Já no âmbito do sistema geral de proteção destaca-se, também dentre outros instrumentos
internacionais, a "Carta Internacional dos Direitos Humanos", que tem por endereçado toda e
qualquer pessoa. No âmbito do sistema geral, o sujeito de direito é visto em sua abstração e
generalidade.
Relativamente à convivência do sistema global e regional, tem-se a coexistência do sistema
global, integrado pelos instrumentos das Nações Unidas (ex.: Declaração Universal de Direitos
Humanos; Pacto Internacional dos Direitos Civis e Políticos; Pacto Internacional dos Direitos
Sociais, Econômicos e Culturais...) com instrumentos do sistema regional de proteção, por sua
vez, integrado pelo sistema americano, europeu e africano de proteção aos direitos humanos.
Cada qual dos sistemas regionais de proteção apresenta um aparato jurídico próprio. O sistema
americano tem como principal instrumento a Convenção Americana de Direitos Humanos (também
chamada Pacto de San José da Costa Rica, de 1969), que estabelece a Comissão Americana de
Direitos Humanos e a Corte Interamericana. 7 Já o sistema europeu, conta com a Convenção
européia de Direitos Humanos (1950), que estabelece a Comissão e o Tribunal Europeu de Direitos
Humanos. Por fim, o sistema africano apresenta como principal instrumento a Carta Africana de
Direitos Humanos (1981).
Percebe-se, assim, que os instrumentos internacionais voltados à proteção dos direitos humanos
formam um complexo conjunto de regras, que apresentam diferentes âmbitos de aplicação e, por
vezes, distintos destinatários.
Ante este aparato internacional, cabe ao indivíduo que sofreu violação de seu direito a escolha do
aparato mais favorável, tendo em vista que, eventualmente, direitos idênticos são tutelados por
dois ou mais instrumentos de alcance global ou regional, ou ainda, de alcance geral ou específico.
A título de exemplo, o direito a não ser submetido à tortura é, concomitantemente, protegido pelo
Pacto Internacional dos Direitos Civis e Políticos (art. 7.º), Convenção Americana (art. 5.º),
Convenção contra a tortura e outros tratamentos ou penas cruéis, desumanos ou degradantes e
ainda Convenção Interamericana para prevenir e punir a tortura.

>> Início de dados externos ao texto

theorem mainTheorem6:
  fixes R :: "'a::{real_inner, complete_space} \<Rightarrow> ereal"
    and F :: "'a \<Rightarrow> 'b::{real_inner, complete_space}"
    and domF :: "'a set" and y :: 'b
    and \<sigma> \<rho> \<eta> Lc \<mu>0 \<mu>1 :: real and \<beta> :: ereal
    and x0 \<xi>0 xbar :: 'a
    and Lop :: "'a \<Rightarrow> ('a \<Rightarrow>\<^sub>L 'b)"
    and adaptive :: bool
    and \<xi> x m :: "nat \<Rightarrow> 'a"
    and r :: "nat \<Rightarrow> 'b" and g :: "nat \<Rightarrow> 'a"
    and \<alpha> \<beta>n \<gamma> :: "nat \<Rightarrow> real"
  assumes R_proper: "proper_fun R"
    and R_lsc: "lsc_fun R"
    and \<sigma>_pos: "\<sigma> > 0"
    and R_sc: "strongly_convex R \<sigma>"
    \<comment> \<open>(b)\<close>
    and \<rho>_pos: "\<rho> > 0"
    and \<xi>0_sub: "\<xi>0 \<in> subdiff R x0"
    and ball_dom: "cball x0 (2 * \<rho>) \<subseteq> domF"
    and xbar_dom: "xbar \<in> domF" and xbar_sol: "F xbar = y"
    and xbar_breg: "bregman R \<xi>0 xbar x0 \<le> ereal (\<sigma> * \<rho>\<^sup>2)"
    \<comment> \<open>(c)\<close>
    and weakly_closed: "\<And>u z v. (\<forall>n. u n \<in> domF) \<Longrightarrow> weak_conv u z \<Longrightarrow>
                          (\<lambda>n. F (u n)) \<longlonglongrightarrow> v \<Longrightarrow> z \<in> domF \<and> F z = v"
    \<comment> \<open>(d)\<close>
    and L_cont: "continuous_on (cball x0 (2 * \<rho>)) Lop"
    and \<eta>_range: "0 \<le> \<eta>" "\<eta> < 1"
    and tangential_cone: "\<And>z w. z \<in> cball x0 (2 * \<rho>) \<Longrightarrow> w \<in> cball x0 (2 * \<rho>) \<Longrightarrow>
          norm (F z - F w - Lop w (z - w)) \<le> \<eta> * norm (F z - F w)"
    and Lc_pos: "Lc > 0"
    and L_bound: "\<And>z. z \<in> cball x0 (2 * \<rho>) \<Longrightarrow> norm (Lop z) \<le> Lc"
    \<comment> \<open>parameters\<close>
    and \<beta>_pos: "\<beta> > 0"
    and \<mu>0_pos: "0 < \<mu>0" and \<mu>0_bound: "\<mu>0 < 4 * \<sigma> * (1 - \<eta>)"
    and \<mu>1_pos: "\<mu>1 > 0"
    \<comment> \<open>Algorithm 2 with exact data\<close>
    and init_\<xi>: "\<xi> 0 = \<xi>0"
    and init_x: "x 0 = x0"
    and x_def: "\<And>n. x n = grad_conj R (\<xi> n)"
    and r_def: "\<And>n. r n = F (x n) - y"
    and g_def: "\<And>n. g n = adjoint (blinfun_apply (Lop (x n))) (r n)"
    and \<alpha>_def: "\<And>n. \<alpha> n =
          (if adaptive then
             (if r n = 0 then 0
              else if g n = 0 then \<mu>1
              else min (\<mu>0 * (norm (r n))\<^sup>2 / (norm (g n))\<^sup>2) \<mu>1)
           else \<mu>0 / Lc\<^sup>2)"
    and m0: "m 0 = 0"
    and mSuc: "\<And>n. m (Suc n) = \<xi> (Suc n) - \<xi> n"
    and \<gamma>0: "\<gamma> 0 = 0"
    and \<gamma>Suc: "\<And>n. \<gamma> (Suc n) = m (Suc n) \<bullet> (x (Suc n) - x n)
                 - (1 - \<eta>) * \<alpha> n * (norm (r n))\<^sup>2 + \<beta>n n * \<gamma> n"
    and \<beta>n_def: "\<And>n. ereal (\<beta>n n) =
          (if m n = 0 then 0
           else min (ereal (max 0 ((\<alpha> n * (g n \<bullet> m n) - 2 * \<sigma> * \<gamma> n) / (norm (m n))\<^sup>2))) \<beta>)"
    and \<xi>Suc: "\<And>n. \<xi> (Suc n) = \<xi> n - \<alpha> n *\<^sub>R g n + \<beta>n n *\<^sub>R m n"
  shows "(\<forall>n. F (x n) = y \<longrightarrow> (\<forall>k>n. x k = x n))
       \<and> (\<forall>n. \<xi> (Suc n) = \<xi> n \<longrightarrow>
              F (x n) = y \<and> (\<forall>k>n. x k = x n \<and> \<xi> k = \<xi> n))"
proof -
  interpret momentum_landweber R \<sigma> F y \<rho> \<eta> Lc \<mu>0 \<mu>1 \<beta> x0 \<xi>0 xbar Lop adaptive \<xi> x m r g \<alpha> \<beta>n \<gamma>
    by (unfold_locales; (fact assms)?) (use \<xi>0_sub in blast)
  have part_i: "\<forall>k>n. x k = x n" if "F (x n) = y" for n
    using x_eq_if_solution[OF that] by (meson less_imp_le)
  have part_ii: "F (x n) = y \<and> (\<forall>k>n. x k = x n \<and> \<xi> k = \<xi> n)" if "\<xi> (Suc n) = \<xi> n" for n
  proof (intro conjI allI impI)
    show "F (x n) = y" using r_eq_0_if_stationary[OF that] by (simp add: r_def)
    fix k assume "n < k"
    then show "\<xi> k = \<xi> n" by (intro \<xi>_eq_if_stationary[OF that]) simp
    then show "x k = x n" by (simp add: x_def)
  qed
  from part_i part_ii show ?thesis by blast
qed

O sistema internacional de proteção de direitos humanos apresenta um peculiar mecanismo de
controle e implementação destes direitos. Dentre estes mecanismos destacam-se: a) o sistema de
petições individuais; b) as comunicações interestatais; e c) os relatórios periódicos elaborados
pelo Estado-parte.
Através do direito de petição, qualquer pessoa que sofreu violação a direito, enunciado em
tratado internacional de que o Estado é parte, pode apresentar petição contendo a denúncia da
violação das disposições do tratado, por parte do aludido Estado. A petição deve ser encaminhada
ao organismo internacional competente - como, por exemplo, ao Comitê de Direitos Humanos
(arts. 1.º e 2.º do Protocolo Facultativo ao Pacto Internacional dos Direitos Civis e Políticos, ao
Comitê para a Eliminação da Discriminação Racial (art. 14 da Convenção Internacional sobre a
Eliminação de todas as Formas de Discriminação Racial), ao Comitê contra a tortura (art. 22 da
Convenção contra a tortura), à Comissão Interamericana (art. 44 da Convenção Americana), em
se tratando de violação a direito constante das Convenções internacionais respectivas.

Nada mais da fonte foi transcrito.